580 (c) Within 10 business days after receiving the
581 notification, the school district must review the student’s
582 individual educational plan (IEP) to determine if the student’s
583 IEP can be implemented by the school district or by a provider
584 or facility under contract with the school district. The school
585 district shall:
586 1. Provide educational instruction to the student;
587 2. Contract with another provider or facility to provide
588 the educational instruction;
589 3. Contract with the private residential care facility in
590 which the student resides to provide the educational
591 instruction; or
592 4. Decline to provide or contract for educational
593 instruction.
594
595 If the school district declines to provide or contract for the
596 educational instruction, the school district that is located
597 within the legal residence of the student shall provide or
598 contract for the educational instruction to the student.
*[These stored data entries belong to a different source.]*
(* Let $\mathcal H$ be a (possibly infinite-dimensional) separable Hilbert space and let $\rho$ be a probability distribution on $(X,Y)\in\mathcal H\times\mathbb R$. Let $H=\mathbb E[X\otimes X]$ be the covariance operator, with largest eigenvalue $\lambda_{\max}$. Assume the noiseless model: there is $\theta_*\in\mathcal H$ (in particular $\|\theta_*\|_{\mathcal H}<\infty$) with $\langle\theta_*,X\rangle=Y$ $\rho$-almost surely. Assume the fourth moment condition: there is a finite constant $R\ge 0$ with $\mathbb E[\|X\|^2\,X\otimes X]\preccurlyeq R\,H$. Let $(x_t,y_t)_{t\ge0}$ be i.i.d. samples from $\rho$ and run constant step-size SGD $\theta_0=0$, $\theta_{t+1}=\theta_t-\gamma(\langle\theta_t,x_t\rangle-y_t)x_t$. Then for every $T\ge2$, with the step size $\gamma=(4R\ln T)^{-1}$, $$\mathbb E\,\mathcal R(\theta_T)\le 3R\|\theta_*\|_{\mathcal H}^2\,\frac{\ln T}{T},$$ where $\mathcal R(\theta)=\tfrac12\mathbb E_\rho(\langle\theta,X\rangle-Y)^2$ and the outer expectation is over the samples used by SGD.
   Context: $\preccurlyeq$ denotes the Loewner order on self-adjoint operators. $\mathcal R(\theta)=\frac12(\theta-\theta_* )^\top H(\theta-\theta_* )$ in the noiseless model. *)

theory Defs
  imports "HOL-Probability.Probability"
begin

fun sgd :: "real \<Rightarrow> (nat \<Rightarrow> 'a::real_inner \<times> real) \<Rightarrow> nat \<Rightarrow> 'a" where
  "sgd \<gamma> \<omega> 0 = 0"
| "sgd \<gamma> \<omega> (Suc t) =
     sgd \<gamma> \<omega> t - (\<gamma> * (inner (sgd \<gamma> \<omega> t) (fst (\<omega> t)) - snd (\<omega> t))) *\<^sub>R fst (\<omega> t)"

definition risk :: "('a::real_inner \<times> real) measure \<Rightarrow> 'a \<Rightarrow> ennreal" where
  "risk \<rho> \<theta> = (1/2) * (\<integral>\<^sup>+ z. ennreal ((inner \<theta> (fst z) - snd z)^2) \<partial>\<rho>)"

end

theory Submission
  imports Defs
begin

text \<open>
  Let \<open>f t\<close> be the expectation of \<open>(\<theta>\<^sub>t - \<theta>\<^sub>*)\<^sup>T H (\<theta>\<^sub>t - \<theta>\<^sub>*)\<close>, twice the expected risk of the
  \<open>t\<close>-th iterate. Expanding one SGD step, the noiseless model and the fourth moment condition give,
  for every anchor \<open>u\<close> that does not depend on the fresh sample,
  \<open>E |\<theta>\<^sub>t\<^sub>+\<^sub>1 - u|\<^sup>2 + \<gamma> f t \<le> E |\<theta>\<^sub>t - u|\<^sup>2 + \<gamma> E (u - \<theta>\<^sub>*)\<^sup>T H (u - \<theta>\<^sub>*) + \<gamma>\<^sup>2 R f t\<close>.
  Telescoping with \<open>u = \<theta>\<^sub>*\<close> bounds the average of \<open>f 0, \<dots>, f T\<close> by
  \<open>|\<theta>\<^sub>*|\<^sup>2 / (\<gamma> (2 - \<gamma> R) (T + 1))\<close>. Telescoping from \<open>k\<close> to \<open>T\<close> with the random anchor
  \<open>u = \<theta>\<^sub>k\<close> gives \<open>(1 - \<gamma> R) (f k + \<dots> + f T) \<le> (T - k + 1) f k\<close>, so each suffix average exceeds
  the previous one by at most the factor \<open>1 + \<gamma> R / (T - k)\<close>. Hence \<open>f T\<close> is at most the full
  average times \<open>(1 + \<gamma> R) (1 + \<gamma> R / 2) \<cdots> (1 + \<gamma> R / T) \<le> (1 + \<gamma> R) T powr (\<gamma> R)\<close>, and
  for \<open>\<gamma> = 1 / (4 R ln T)\<close> the factor \<open>T powr (\<gamma> R)\<close> is \<open>exp (1/4)\<close>.
\<close>

section \<open>Elementary inequalities\<close>

lemma telescoping_sum_le:
  fixes D c b :: "nat \<Rightarrow> 'a::ordered_comm_monoid_add"
  assumes "k \<le> n"
    and descent: "\<And>t. k \<le> t \<Longrightarrow> t < n \<Longrightarrow> D (Suc t) + c t \<le> D t + b t"
    and last: "c n \<le> D n + b n"
  shows "(\<Sum>t=k..n. c t) \<le> D k + (\<Sum>t=k..n. b t)"
proof -
  have partial: "D m + (\<Sum>t=k..<m. c t) \<le> D k + (\<Sum>t=k..<m. b t)" if "k \<le> m" "m \<le> n" for m
    using that
  proof (induction m rule: dec_induct)
    case base
    then show ?case by simp
  next
    case (step m)
    have "D (Suc m) + (\<Sum>t=k..<Suc m. c t) = (D (Suc m) + c m) + (\<Sum>t=k..<m. c t)"
      using step.hyps by (simp add: ac_simps)
    also have "\<dots> \<le> (D m + b m) + (\<Sum>t=k..<m. c t)"
      using step.hyps step.prems by (intro add_right_mono descent) auto
    also have "\<dots> = (D m + (\<Sum>t=k..<m. c t)) + b m"
      by (simp add: ac_simps)
    also have "\<dots> \<le> (D k + (\<Sum>t=k..<m. b t)) + b m"
      using step by (intro add_right_mono) simp
    also have "\<dots> = D k + (\<Sum>t=k..<Suc m. b t)"
      using step.hyps by (simp add: ac_simps)
    finally show ?case .
  qed
  have "(\<Sum>t=k..n. c t) = c n + (\<Sum>t=k..<n. c t)"
    using \<open>k \<le> n\<close> by (simp add: atLeastLessThanSuc_atLeastAtMost[symmetric] ac_simps)
  also have "\<dots> \<le> (D n + b n) + (\<Sum>t=k..<n. c t)"
    using last by (rule add_right_mono)
  also have "\<dots> = (D n + (\<Sum>t=k..<n. c t)) + b n"
    by (simp add: ac_simps)
  also have "\<dots> \<le> (D k + (\<Sum>t=k..<n. b t)) + b n"
    using partial[of n] \<open>k \<le> n\<close> by (intro add_right_mono) simp
  also have "\<dots> = D k + (\<Sum>t=k..n. b t)"
    using \<open>k \<le> n\<close> by (simp add: atLeastLessThanSuc_atLeastAtMost[symmetric] ac_simps)
  finally show ?thesis .
qed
The
599 school district that provides educational instruction or
600 contracts to provide educational instruction shall report the
601 student for funding purposes pursuant s. 1011.62.
602 (d)1. The Department of Education, in consultation with the
603 agencies and school districts, shall develop procedures for
604 written notification to school districts regarding the placement
605 of an exceptional student in a residential care facility. The
606 procedures must:
607 a. Provide for written notification of a placement that
608 crosses school district lines; and
609 b. Identify the entity responsible for the notification for
610 each facility that is operated, licensed, or regulated by an
611 agency.
612 2. The State Board of Education shall adopt the procedures
613 by rule pursuant to ss. 120.536(1) and 120.54 and the agencies
614 shall implement the procedures.
615 3. A residential care facility that is licensed by the
616 Agency for Persons with Disabilities shall provide written
617 notification to school districts when an exceptional student is
618 placed in the residential care facility.
619
620 The requirements of paragraphs (c) and (d) do not apply to
621 written agreements among school districts which specify each
622 school district’s responsibility for providing and paying for
623 educational services to an exceptional student in a residential
624 care facility. However, each agreement must require a school
625 district to review the student’s IEP within 10 business days
626 after receiving the notification required under paragraph (b).
627 (4) The Department of Education and agencies shall enter
628 into an agreement for interagency coordination which
629 incorporates the elements set forth in 34 C.F.R. s. 300.154.
630 Section 8. This act shall take effect July 1, 2009.